Exercise |
Start with the first line of the material. Repeat each line exactly through the one that contains "ms = ms ! (n".

Material for the task |
────────
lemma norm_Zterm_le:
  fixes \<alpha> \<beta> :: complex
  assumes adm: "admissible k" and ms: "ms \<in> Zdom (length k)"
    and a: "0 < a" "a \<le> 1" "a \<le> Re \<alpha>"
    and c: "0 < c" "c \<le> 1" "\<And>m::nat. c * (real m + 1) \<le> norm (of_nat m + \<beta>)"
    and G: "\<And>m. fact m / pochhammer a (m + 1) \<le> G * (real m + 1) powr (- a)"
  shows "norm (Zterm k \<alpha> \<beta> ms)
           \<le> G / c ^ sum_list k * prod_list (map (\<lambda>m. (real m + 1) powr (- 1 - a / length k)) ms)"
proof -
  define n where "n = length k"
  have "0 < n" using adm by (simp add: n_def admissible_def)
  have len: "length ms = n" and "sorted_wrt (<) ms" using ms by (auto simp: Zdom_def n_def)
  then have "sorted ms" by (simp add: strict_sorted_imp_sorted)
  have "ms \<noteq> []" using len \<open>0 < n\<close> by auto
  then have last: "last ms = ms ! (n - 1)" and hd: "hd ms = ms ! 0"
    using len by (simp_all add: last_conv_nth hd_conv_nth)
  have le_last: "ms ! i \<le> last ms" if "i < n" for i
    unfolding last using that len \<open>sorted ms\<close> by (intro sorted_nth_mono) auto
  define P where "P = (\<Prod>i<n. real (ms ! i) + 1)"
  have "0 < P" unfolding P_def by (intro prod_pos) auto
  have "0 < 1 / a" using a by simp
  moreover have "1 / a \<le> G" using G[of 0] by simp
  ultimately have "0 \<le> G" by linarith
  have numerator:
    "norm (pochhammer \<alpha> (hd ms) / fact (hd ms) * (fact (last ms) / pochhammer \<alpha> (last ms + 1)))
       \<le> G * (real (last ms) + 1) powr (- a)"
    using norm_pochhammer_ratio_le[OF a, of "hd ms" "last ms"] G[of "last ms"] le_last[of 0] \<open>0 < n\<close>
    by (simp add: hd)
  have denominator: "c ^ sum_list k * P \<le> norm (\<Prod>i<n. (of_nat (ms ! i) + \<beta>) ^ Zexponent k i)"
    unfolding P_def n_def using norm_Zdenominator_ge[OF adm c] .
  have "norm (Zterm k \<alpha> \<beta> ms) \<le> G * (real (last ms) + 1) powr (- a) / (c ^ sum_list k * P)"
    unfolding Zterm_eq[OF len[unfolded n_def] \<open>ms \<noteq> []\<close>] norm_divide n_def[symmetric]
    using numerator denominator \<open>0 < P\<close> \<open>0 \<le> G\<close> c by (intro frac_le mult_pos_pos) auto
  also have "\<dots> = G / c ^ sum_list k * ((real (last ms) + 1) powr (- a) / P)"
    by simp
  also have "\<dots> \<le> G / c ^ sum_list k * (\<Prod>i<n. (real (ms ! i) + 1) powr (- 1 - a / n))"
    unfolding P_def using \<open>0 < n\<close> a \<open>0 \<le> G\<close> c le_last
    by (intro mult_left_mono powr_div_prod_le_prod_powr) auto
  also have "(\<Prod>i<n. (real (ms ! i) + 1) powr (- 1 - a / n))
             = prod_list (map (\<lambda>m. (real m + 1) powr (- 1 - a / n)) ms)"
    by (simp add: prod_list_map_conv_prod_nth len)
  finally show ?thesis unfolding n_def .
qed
────────
Answer to this problem |
lemma norm_Zterm_le:
  fixes \<alpha> \<beta> :: complex
  assumes adm: "admissible k" and ms: "ms \<in> Zdom (length k)"
    and a: "0 < a" "a \<le> 1" "a \<le> Re \<alpha>"
    and c: "0 < c" "c \<le> 1" "\<And>m::nat. c * (real m + 1) \<le> norm (of_nat m + \<beta>)"
    and G: "\<And>m. fact m / pochhammer a (m + 1) \<le> G * (real m + 1) powr (- a)"
  shows "norm (Zterm k \<alpha> \<beta> ms)
           \<le> G / c ^ sum_list k * prod_list (map (\<lambda>m. (real m + 1) powr (- 1 - a / length k)) ms)"
proof -
  define n where "n = length k"
  have "0 < n" using adm by (simp add: n_def admissible_def)
  have len: "length ms = n" and "sorted_wrt (<) ms" using ms by (auto simp: Zdom_def n_def)
  then have "sorted ms" by (simp add: strict_sorted_imp_sorted)
  have "ms \<noteq> []" using len \<open>0 < n\<close> by auto
  then have last: "last ms = ms ! (n - 1)" and hd: "hd ms = ms ! 0"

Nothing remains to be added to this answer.